[What the exercise asks]:
Write out the entries, please, from the line containing "by (simp add: t(3))" through their final line, exactly and with nothing else.

*** Opening Available data ***

(* There exists a non-adaptive algorithm with one-sided error that, given a proximity parameter $0<\epsilon<1$, query access to a function $f\colon[n]\to\mathbb{R}$ (where $[n]=\{0,\dots,n-1\}$) and sample access to an unknown probability distribution $\mathcal{D}$ on $[n]$, accepts with probability $1$ if $f$ is convex and rejects with probability at least $2/3$ if $f$ is $\epsilon$-far from convex with respect to $\mathcal{D}$, using $O\!\left(\frac{\log n}{\epsilon}\right)$ queries to $f$ and $O\!\left(\frac1\epsilon\right)$ samples from $\mathcal{D}$.
   Context: A function $f\colon X\to\mathbb{R}$ on a finite set $X\subseteq\mathbb{R}^d$ is convex if for every finite collection $x_1,\dots,x_k\in X$ and reals $\lambda_i\ge0$ with $\sum_i\lambda_i=1$ and $\sum_i\lambda_ix_i\in X$, one has $f(\sum_i\lambda_ix_i)\le\sum_i\lambda_if(x_i)$. For a distribution $\mathcal{D}$ on $X$, a function $g$ is $\epsilon$-far from convex with respect to $\mathcal{D}$ if $\Pr_{x\sim\mathcal{D}}[g(x)\ne h(x)]\ge\epsilon$ for every convex $h\colon X\to\mathbb{R}$. Non-adaptive means all queries are chosen before any function value is observed. *)

theory Defs
  imports "HOL-Probability.Probability_Mass_Function"
begin

text \<open>A function [n] -> R is represented by f :: nat => real; only its values on {..<n} matter.\<close>
definition convex_on_grid :: "nat \<Rightarrow> (nat \<Rightarrow> real) \<Rightarrow> bool" where
  "convex_on_grid n f \<longleftrightarrow>
     (\<forall>(k::nat) (x::nat \<Rightarrow> nat) (lam::nat \<Rightarrow> real) (y::nat).
        (\<forall>i<k. x i < n \<and> lam i \<ge> 0) \<and> (\<Sum>i<k. lam i) = 1 \<and> y < n \<and>
        (\<Sum>i<k. lam i * real (x i)) = real y
        \<longrightarrow> f y \<le> (\<Sum>i<k. lam i * f (x i)))"

definition far_from_convex :: "nat \<Rightarrow> nat pmf \<Rightarrow> real \<Rightarrow> (nat \<Rightarrow> real) \<Rightarrow> bool" where
  "far_from_convex n D eps f \<longleftrightarrow>
     (\<forall>h. convex_on_grid n h \<longrightarrow> measure_pmf.prob D {x. f x \<noteq> h x} \<ge> eps)"

fun iid_samples :: "'a pmf \<Rightarrow> nat \<Rightarrow> 'a list pmf" where
  "iid_samples D 0 = return_pmf []"
| "iid_samples D (Suc k) =
     bind_pmf D (\<lambda>x. bind_pmf (iid_samples D k) (\<lambda>xs. return_pmf (x # xs)))"

text \<open>A non-adaptive sample-based tester with parameters (n, eps):
  it draws internal randomness r from R n eps, draws m n eps samples from D,
  then (as a function of r and the samples only, i.e. before seeing any value of f)
  chooses the list of query points Q n eps r s, and finally decides
  (True = accept) from r, the samples and the answers to its queries. \<close>
definition tester_run ::
  "(nat \<Rightarrow> real \<Rightarrow> nat pmf) \<Rightarrow> (nat \<Rightarrow> real \<Rightarrow> nat) \<Rightarrow>
   (nat \<Rightarrow> real \<Rightarrow> nat \<Rightarrow> nat list \<Rightarrow> nat list) \<Rightarrow>
   (nat \<Rightarrow> real \<Rightarrow> nat \<Rightarrow> nat list \<Rightarrow> real list \<Rightarrow> bool) \<Rightarrow>
   nat \<Rightarrow> real \<Rightarrow> nat pmf \<Rightarrow> (nat \<Rightarrow> real) \<Rightarrow> bool pmf" where
  "tester_run R m Q Dec n eps D f =
     bind_pmf (R n eps) (\<lambda>r. bind_pmf (iid_samples D (m n eps)) (\<lambda>s.
       return_pmf (Dec n eps r s (map f (Q n eps r s)))))"

end

theory Submission
  imports Defs "HOL-Analysis.Harmonic_Numbers"
begin

(* For every sample x the tester queries the points visited by a binary search for x in
  [0, n-1], including both middle points m, m+1 of every interval on the way, and it accepts
  iff all queried values have increasing slopes; a convex f therefore always passes.
  Call x good if f has increasing slopes along the search path of x. The search paths of
  a < b agree until an interval whose middle points m, m+1 separate them (a <= m < b), so
  monotonicity along the two paths brackets slope(a, b) between slope(a, m+1) and slope(m, b).
  Chaining these brackets through b shows that the good points have increasing slopes, hence f
  restricted to them extends to a convex function (the maximum of supporting lines). If f is
  eps-far from convex, the good points thus have D-mass at most 1 - eps, and the tester
  accepts only if all ceil(2/eps) samples are good: probability at most exp(-2) < 1/3. *)

section \<open>Slopes and convexity on the grid\<close>

definition slope :: "(nat \<Rightarrow> real) \<Rightarrow> nat \<Rightarrow> nat \<Rightarrow> real" where
  "slope f a b = (f b - f a) / (real b - real a)"

lemma slope_le_slope_iff:
  assumes "a < b" "b < c"
  shows "slope f a b \<le> slope f b c \<longleftrightarrow>
           (real c - real a) * f b \<le> (real c - real b) * f a + (real b - real a) * f c"
  using assms by (simp add: slope_def field_simps)

lemma slope_le_slope_iff_left:
  assumes "a < b" "b < c"
  shows "slope f a b \<le> slope f b c \<longleftrightarrow> slope f a b \<le> slope f a c"
  using assms by (simp add: slope_def field_simps)

lemma slope_le_slope_iff_right:
  assumes "a < b" "b < c"
  shows "slope f a b \<le> slope f b c \<longleftrightarrow> slope f a c \<le> slope f b c"
  using assms by (simp add: slope_def field_simps)

definition slopes_increasing_on :: "nat set \<Rightarrow> (nat \<Rightarrow> real) \<Rightarrow> bool" where
  "slopes_increasing_on S f \<longleftrightarrow>
     (\<forall>a\<in>S. \<forall>b\<in>S. \<forall>c\<in>S. a < b \<longrightarrow> b < c \<longrightarrow> slope f a b \<le> slope f b c)"

lemma slopes_increasing_onI:
  "(\<And>a b c. a \<in> S \<Longrightarrow> b \<in> S \<Longrightarrow> c \<in> S \<Longrightarrow> a < b \<Longrightarrow> b < c \<Longrightarrow> slope f a b \<le> slope f b c)
   \<Longrightarrow> slopes_increasing_on S f"
  by (simp add: slopes_increasing_on_def)

lemma slopes_increasing_onD:
  "slopes_increasing_on S f \<Longrightarrow> a \<in> S \<Longrightarrow> b \<in> S \<Longrightarrow> c \<in> S \<Longrightarrow> a < b \<Longrightarrow> b < c
   \<Longrightarrow> slope f a b \<le> slope f b c"
  by (simp add: slopes_increasing_on_def)

lemma slopes_increasing_on_subset:
  "slopes_increasing_on S f \<Longrightarrow> T \<subseteq> S \<Longrightarrow> slopes_increasing_on T f"
  by (auto simp: slopes_increasing_on_def)

lemma slopes_increasing_on_cong:
  "(\<And>x. x \<in> S \<Longrightarrow> f x = g x) \<Longrightarrow> slopes_increasing_on S f \<longleftrightarrow> slopes_increasing_on S g"
  by (simp add: slopes_increasing_on_def slope_def)

lemma convex_on_gridD:
  fixes k :: nat
  assumes "convex_on_grid n f" "\<forall>i<k. x i < n \<and> 0 \<le> lam i" "(\<Sum>i<k. lam i) = 1" "y < n"
    "(\<Sum>i<k. lam i * real (x i)) = real y"
  shows "f y \<le> (\<Sum>i<k. lam i * f (x i))"
  using assms unfolding convex_on_grid_def by blast

lemma convex_on_grid_imp_slopes_increasing:
  assumes "convex_on_grid n f"
  shows "slopes_increasing_on {..<n} f"
proof (rule slopes_increasing_onI)
  fix a b c assume "a \<in> {..<n}" "b \<in> {..<n}" "c \<in> {..<n}" "a < b" "b < c"
  then have abc: "a < b" "b < c" "c < n" by auto
  define t where "t = (real b - real a) / (real c - real a)"
  have ca: "real c - real a > 0" using abc by simp
  have t: "0 \<le> t" "t \<le> 1" "t * (real c - real a) = real b - real a"
    using abc ca by (simp_all add: t_def)
  define x where "x i = (if i = 0 then a else c)" for i :: nat
  define lam where "lam i = (if i = 0 then 1 - t else t)" for i :: nat
  have weights: "\<forall>i<2. x i < n \<and> 0 \<le> lam i" "(\<Sum>i<2. lam i) = 1"
    using abc t by (auto simp: x_def lam_def numeral_2_eq_2)
  have comb: "(\<Sum>i<2. lam i * real (x i)) = real b"
    using t(3) by (simp add: x_def lam_def numeral_2_eq_2 algebra_simps)
  have "f b \<le> (\<Sum>i<2. lam i * f (x i))"
    using abc by (intro convex_on_gridD[OF assms weights _ comb]) simp
  then have "(real c - real a) * f b \<le> (real c - real a) * ((1 - t) * f a + t * f c)"
    using ca by (simp add: x_def lam_def numeral_2_eq_2)
  also have "\<dots> = (real c - real a - t * (real c - real a)) * f a + t * (real c - real a) * f c"
    by (simp add: algebra_simps)
  also have "\<dots> = (real c - real b) * f a + (real b - real a) * f c"
    by (simp add: t(3))
  finally show "slope f a b \<le> slope f b c"
    using abc by (simp add: slope_le_slope_iff)
qed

*** Closing Available data ***

[Answer box]:
    by (simp add: t(3))
  finally show "slope f a b \<le> slope f b c"
    using abc by (simp add: slope_le_slope_iff)
qed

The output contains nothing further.